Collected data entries

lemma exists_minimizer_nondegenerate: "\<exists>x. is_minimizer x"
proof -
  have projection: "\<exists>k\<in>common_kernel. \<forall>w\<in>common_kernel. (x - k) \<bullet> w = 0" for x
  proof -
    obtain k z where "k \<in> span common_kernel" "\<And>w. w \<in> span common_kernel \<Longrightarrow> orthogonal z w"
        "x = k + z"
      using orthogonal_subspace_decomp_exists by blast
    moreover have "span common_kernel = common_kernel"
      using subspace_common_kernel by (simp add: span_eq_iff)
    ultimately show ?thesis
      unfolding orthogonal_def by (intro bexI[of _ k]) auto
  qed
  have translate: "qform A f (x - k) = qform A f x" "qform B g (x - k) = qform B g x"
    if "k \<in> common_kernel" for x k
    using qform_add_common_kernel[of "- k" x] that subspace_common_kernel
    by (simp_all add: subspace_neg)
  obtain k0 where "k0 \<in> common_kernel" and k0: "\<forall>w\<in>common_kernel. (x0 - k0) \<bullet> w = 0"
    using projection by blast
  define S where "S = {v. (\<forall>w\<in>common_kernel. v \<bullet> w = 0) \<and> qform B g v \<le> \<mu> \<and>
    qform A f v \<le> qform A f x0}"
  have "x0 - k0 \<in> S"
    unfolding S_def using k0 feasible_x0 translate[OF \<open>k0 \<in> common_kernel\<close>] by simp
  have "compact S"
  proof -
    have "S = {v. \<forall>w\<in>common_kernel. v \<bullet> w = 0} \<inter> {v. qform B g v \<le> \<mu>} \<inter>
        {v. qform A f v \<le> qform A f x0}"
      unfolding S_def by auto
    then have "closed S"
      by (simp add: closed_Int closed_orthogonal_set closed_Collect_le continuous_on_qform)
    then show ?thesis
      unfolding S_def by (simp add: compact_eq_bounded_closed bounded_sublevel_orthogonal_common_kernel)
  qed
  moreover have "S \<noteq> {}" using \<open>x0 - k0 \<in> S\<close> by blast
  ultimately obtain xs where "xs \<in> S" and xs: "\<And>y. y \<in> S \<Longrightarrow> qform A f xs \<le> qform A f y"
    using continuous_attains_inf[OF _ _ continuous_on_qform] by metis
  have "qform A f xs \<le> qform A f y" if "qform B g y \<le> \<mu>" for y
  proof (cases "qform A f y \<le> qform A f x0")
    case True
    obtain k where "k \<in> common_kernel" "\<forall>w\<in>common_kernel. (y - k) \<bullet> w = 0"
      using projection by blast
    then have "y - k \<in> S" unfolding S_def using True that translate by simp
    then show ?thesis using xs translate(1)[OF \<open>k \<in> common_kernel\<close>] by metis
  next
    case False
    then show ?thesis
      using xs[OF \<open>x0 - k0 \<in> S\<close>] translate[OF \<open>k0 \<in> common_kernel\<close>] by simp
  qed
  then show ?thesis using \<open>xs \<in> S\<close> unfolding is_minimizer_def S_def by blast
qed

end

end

* * *

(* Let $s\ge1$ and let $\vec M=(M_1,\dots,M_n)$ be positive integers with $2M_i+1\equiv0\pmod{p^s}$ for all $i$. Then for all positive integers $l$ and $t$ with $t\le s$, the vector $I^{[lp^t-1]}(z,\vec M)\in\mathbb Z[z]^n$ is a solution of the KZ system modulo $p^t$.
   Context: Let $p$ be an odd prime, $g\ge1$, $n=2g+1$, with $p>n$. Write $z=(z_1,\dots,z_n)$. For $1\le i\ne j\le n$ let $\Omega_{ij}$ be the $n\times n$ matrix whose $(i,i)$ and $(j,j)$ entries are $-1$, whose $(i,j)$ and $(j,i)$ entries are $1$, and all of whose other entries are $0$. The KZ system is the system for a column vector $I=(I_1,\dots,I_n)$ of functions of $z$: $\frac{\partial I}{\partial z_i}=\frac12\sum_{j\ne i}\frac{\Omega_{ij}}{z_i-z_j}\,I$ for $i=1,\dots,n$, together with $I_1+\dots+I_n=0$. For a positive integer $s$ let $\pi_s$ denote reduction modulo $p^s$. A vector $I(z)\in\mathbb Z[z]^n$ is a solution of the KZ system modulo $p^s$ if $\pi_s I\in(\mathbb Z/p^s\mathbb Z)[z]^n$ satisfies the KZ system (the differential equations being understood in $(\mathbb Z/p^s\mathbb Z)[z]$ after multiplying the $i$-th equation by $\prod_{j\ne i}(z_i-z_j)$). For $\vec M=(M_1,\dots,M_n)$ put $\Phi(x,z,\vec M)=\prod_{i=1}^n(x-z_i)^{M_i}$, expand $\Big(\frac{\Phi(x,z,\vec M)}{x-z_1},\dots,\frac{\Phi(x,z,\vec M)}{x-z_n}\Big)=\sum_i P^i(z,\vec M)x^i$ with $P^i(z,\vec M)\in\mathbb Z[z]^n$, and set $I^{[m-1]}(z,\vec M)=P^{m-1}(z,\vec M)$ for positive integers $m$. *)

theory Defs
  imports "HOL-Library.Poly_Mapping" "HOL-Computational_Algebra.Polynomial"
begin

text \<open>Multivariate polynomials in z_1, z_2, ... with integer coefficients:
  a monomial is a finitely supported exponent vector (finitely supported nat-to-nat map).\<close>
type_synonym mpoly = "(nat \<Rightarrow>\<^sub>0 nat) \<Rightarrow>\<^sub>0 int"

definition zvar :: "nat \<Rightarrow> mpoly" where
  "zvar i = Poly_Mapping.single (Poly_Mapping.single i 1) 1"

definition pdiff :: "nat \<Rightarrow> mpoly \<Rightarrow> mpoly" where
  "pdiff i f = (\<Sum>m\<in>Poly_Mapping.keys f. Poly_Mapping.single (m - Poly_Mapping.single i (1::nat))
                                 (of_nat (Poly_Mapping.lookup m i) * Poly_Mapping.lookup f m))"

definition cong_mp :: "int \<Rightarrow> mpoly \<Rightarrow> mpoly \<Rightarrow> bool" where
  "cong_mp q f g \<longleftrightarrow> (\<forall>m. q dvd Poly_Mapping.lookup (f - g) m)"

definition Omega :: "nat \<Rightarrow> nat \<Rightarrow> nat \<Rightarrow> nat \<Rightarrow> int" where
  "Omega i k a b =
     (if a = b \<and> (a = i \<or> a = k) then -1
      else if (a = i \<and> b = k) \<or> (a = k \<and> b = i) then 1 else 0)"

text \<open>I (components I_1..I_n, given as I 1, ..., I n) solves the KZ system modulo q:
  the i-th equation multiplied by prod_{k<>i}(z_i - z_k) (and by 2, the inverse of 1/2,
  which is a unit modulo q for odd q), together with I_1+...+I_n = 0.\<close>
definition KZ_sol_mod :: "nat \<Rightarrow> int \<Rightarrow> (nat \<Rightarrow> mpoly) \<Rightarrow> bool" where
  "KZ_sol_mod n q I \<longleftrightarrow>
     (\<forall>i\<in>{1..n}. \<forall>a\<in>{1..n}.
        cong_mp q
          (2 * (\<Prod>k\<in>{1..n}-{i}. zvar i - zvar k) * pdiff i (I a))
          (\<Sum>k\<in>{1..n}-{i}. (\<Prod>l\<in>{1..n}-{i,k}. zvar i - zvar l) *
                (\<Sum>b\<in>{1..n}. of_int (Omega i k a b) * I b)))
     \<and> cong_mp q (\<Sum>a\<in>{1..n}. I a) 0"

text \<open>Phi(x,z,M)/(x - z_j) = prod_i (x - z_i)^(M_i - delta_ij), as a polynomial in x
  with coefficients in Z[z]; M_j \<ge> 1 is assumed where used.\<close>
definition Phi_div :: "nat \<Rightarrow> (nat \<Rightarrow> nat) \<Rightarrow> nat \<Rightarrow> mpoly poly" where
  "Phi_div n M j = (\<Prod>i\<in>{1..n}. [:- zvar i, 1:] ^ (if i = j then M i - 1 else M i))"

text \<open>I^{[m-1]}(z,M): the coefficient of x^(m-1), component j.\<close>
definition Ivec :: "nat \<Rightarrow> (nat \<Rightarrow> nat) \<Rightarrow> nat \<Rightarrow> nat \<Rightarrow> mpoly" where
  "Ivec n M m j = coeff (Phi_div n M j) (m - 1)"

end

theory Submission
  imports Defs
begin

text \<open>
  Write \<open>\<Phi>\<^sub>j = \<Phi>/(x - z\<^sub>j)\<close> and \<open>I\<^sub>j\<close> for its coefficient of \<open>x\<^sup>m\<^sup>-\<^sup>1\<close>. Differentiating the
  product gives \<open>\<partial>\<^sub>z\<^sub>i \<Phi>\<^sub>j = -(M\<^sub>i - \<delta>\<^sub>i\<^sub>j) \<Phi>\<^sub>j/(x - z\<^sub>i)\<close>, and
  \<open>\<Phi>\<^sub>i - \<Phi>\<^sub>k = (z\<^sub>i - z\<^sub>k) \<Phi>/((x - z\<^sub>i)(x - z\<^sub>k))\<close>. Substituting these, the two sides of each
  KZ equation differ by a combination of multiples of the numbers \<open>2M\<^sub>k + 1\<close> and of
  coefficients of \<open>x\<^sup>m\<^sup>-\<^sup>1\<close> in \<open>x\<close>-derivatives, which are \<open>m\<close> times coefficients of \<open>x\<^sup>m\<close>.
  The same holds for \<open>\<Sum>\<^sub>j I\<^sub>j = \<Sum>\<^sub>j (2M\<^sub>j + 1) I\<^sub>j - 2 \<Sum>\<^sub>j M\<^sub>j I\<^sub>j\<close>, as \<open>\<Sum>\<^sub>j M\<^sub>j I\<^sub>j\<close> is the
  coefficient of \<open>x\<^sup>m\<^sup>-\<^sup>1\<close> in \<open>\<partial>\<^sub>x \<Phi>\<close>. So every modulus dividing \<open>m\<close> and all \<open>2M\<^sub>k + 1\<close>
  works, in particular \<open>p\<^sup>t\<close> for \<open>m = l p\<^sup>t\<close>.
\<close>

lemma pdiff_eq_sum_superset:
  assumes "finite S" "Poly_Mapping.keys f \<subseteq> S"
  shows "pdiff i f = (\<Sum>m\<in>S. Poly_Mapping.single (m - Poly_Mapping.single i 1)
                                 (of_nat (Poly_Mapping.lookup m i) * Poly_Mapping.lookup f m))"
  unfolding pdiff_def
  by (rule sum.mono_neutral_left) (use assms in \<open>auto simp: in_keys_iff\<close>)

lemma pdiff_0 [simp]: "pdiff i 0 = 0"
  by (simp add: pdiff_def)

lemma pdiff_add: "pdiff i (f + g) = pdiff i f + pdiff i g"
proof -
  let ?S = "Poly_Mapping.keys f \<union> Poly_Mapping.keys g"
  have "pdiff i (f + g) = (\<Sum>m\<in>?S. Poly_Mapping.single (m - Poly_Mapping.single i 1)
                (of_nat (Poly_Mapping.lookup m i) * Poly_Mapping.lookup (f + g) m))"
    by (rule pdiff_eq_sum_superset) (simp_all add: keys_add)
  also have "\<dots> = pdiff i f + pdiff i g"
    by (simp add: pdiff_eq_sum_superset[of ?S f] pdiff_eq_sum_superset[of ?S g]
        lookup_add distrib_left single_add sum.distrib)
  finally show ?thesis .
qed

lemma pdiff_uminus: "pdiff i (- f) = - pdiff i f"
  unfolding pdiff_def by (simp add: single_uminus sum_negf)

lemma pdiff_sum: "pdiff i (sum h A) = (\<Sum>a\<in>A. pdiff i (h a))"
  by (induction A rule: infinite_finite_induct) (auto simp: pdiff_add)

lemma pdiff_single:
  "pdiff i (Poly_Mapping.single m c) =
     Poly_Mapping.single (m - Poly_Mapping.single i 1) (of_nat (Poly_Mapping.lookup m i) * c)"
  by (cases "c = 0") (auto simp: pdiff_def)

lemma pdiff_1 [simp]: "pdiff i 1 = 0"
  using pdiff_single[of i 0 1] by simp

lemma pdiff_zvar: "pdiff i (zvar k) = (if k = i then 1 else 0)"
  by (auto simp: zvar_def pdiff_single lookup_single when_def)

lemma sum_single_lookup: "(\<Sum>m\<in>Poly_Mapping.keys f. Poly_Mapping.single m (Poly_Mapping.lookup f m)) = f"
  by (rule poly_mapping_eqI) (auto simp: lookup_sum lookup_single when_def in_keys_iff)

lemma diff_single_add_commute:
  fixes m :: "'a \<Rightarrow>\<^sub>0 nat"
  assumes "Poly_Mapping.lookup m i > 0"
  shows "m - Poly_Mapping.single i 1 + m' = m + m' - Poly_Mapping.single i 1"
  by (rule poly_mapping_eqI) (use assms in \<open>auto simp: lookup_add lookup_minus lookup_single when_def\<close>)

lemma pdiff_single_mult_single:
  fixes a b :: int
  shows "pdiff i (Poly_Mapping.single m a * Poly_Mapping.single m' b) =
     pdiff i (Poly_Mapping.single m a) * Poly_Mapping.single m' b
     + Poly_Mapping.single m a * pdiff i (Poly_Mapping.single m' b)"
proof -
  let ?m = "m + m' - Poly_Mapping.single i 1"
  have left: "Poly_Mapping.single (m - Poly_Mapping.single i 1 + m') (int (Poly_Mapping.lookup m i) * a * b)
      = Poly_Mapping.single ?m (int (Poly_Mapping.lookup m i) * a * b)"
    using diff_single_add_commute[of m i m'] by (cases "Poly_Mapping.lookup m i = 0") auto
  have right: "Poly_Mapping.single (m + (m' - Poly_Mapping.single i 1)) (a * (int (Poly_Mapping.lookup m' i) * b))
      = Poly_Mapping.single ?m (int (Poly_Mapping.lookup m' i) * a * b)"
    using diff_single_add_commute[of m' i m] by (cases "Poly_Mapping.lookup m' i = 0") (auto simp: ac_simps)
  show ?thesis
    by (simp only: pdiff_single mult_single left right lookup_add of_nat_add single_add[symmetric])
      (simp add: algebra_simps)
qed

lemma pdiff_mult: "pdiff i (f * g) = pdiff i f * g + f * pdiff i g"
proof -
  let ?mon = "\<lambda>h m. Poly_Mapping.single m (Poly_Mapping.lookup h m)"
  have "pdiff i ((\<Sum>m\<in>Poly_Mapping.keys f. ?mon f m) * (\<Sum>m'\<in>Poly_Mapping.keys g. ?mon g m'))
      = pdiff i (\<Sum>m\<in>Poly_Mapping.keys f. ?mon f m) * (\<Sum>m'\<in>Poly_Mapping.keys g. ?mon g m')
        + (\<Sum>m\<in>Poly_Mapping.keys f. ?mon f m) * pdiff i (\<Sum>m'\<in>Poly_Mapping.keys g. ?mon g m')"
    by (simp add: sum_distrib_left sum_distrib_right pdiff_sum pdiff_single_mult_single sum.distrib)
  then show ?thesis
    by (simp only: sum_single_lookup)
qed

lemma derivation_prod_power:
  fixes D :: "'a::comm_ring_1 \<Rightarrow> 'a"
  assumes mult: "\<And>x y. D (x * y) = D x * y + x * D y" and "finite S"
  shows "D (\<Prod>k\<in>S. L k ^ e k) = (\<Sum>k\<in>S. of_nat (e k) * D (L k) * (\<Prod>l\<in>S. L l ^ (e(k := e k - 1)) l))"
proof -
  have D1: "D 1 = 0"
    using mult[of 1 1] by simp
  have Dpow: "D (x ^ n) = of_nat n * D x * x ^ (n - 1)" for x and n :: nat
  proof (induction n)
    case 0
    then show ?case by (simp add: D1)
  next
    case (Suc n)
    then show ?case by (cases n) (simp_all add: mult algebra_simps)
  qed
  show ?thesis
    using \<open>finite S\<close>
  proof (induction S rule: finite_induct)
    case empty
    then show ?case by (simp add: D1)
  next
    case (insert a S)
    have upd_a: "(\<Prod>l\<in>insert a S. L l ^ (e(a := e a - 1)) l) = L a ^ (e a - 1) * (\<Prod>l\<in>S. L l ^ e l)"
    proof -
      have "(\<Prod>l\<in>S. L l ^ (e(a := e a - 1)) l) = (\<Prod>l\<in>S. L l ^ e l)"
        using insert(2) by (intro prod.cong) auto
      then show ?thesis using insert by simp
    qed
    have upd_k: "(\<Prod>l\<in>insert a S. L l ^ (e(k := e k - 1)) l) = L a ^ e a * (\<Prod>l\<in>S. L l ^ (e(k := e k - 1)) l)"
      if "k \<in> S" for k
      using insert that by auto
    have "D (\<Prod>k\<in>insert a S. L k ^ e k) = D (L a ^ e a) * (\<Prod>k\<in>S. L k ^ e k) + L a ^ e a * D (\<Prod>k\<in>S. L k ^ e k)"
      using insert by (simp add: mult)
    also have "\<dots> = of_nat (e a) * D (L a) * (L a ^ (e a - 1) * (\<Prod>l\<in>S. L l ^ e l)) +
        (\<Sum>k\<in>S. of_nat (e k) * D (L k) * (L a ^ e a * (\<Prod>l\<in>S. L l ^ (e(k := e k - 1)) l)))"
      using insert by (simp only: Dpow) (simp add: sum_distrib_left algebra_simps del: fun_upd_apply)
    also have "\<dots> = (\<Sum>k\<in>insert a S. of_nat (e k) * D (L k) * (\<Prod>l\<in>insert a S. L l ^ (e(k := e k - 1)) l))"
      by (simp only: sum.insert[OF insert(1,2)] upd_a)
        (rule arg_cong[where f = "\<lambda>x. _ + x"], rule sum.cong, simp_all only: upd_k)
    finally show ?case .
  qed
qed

...

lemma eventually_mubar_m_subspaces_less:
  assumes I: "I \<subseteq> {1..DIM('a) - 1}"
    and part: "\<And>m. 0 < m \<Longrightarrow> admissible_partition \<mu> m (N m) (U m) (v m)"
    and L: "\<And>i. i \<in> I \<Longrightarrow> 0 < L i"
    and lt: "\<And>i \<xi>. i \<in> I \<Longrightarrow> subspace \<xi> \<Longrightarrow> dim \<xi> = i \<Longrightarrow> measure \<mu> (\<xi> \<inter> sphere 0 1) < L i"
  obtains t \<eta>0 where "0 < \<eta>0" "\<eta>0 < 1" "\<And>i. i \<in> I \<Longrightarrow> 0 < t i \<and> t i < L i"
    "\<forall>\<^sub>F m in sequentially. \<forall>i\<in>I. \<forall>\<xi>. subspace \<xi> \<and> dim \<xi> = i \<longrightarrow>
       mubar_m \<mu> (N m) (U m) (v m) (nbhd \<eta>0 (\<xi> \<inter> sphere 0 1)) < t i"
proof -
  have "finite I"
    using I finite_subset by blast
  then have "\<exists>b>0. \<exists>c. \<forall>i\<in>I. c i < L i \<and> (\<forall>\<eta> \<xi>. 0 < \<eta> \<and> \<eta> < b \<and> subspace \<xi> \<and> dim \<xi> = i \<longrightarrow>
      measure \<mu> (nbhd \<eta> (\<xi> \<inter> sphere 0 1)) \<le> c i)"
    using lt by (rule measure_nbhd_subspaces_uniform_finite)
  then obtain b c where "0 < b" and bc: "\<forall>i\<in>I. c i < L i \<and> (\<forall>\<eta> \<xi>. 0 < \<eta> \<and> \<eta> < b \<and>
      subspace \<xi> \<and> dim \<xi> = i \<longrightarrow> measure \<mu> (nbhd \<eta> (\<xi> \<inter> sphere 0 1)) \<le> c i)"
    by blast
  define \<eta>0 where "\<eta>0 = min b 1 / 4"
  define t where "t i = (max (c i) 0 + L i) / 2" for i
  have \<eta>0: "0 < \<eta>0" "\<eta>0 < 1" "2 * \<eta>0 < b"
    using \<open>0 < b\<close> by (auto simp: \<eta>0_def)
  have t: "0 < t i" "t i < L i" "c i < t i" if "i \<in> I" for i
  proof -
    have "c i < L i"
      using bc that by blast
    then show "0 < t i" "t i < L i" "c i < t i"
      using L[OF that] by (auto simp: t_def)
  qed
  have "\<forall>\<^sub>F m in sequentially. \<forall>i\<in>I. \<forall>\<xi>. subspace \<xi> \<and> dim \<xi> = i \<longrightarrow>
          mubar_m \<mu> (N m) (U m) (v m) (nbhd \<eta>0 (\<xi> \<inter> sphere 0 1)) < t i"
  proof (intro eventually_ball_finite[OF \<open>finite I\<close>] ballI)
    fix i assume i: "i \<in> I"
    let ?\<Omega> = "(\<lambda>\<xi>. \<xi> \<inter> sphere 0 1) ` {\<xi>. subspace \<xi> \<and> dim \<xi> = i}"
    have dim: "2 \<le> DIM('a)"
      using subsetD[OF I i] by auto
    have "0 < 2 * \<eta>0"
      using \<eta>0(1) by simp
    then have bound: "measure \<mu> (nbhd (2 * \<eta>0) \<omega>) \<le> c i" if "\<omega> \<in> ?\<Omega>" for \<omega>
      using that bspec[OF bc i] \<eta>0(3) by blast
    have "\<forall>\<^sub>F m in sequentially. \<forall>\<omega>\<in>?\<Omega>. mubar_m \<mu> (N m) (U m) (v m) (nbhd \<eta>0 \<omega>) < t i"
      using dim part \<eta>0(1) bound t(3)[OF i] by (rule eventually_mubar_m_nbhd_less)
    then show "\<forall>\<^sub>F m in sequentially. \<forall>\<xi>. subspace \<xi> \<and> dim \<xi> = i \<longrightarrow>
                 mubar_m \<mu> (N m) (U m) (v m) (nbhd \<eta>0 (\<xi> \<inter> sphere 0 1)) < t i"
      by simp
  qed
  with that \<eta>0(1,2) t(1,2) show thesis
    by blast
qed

§ WHAT THIS TASK INVOLVES: Among the records above, find the lines that contain "finally" and copy every one.

§ OUTPUT BELOW:
  finally show ?thesis .
    finally show ?case .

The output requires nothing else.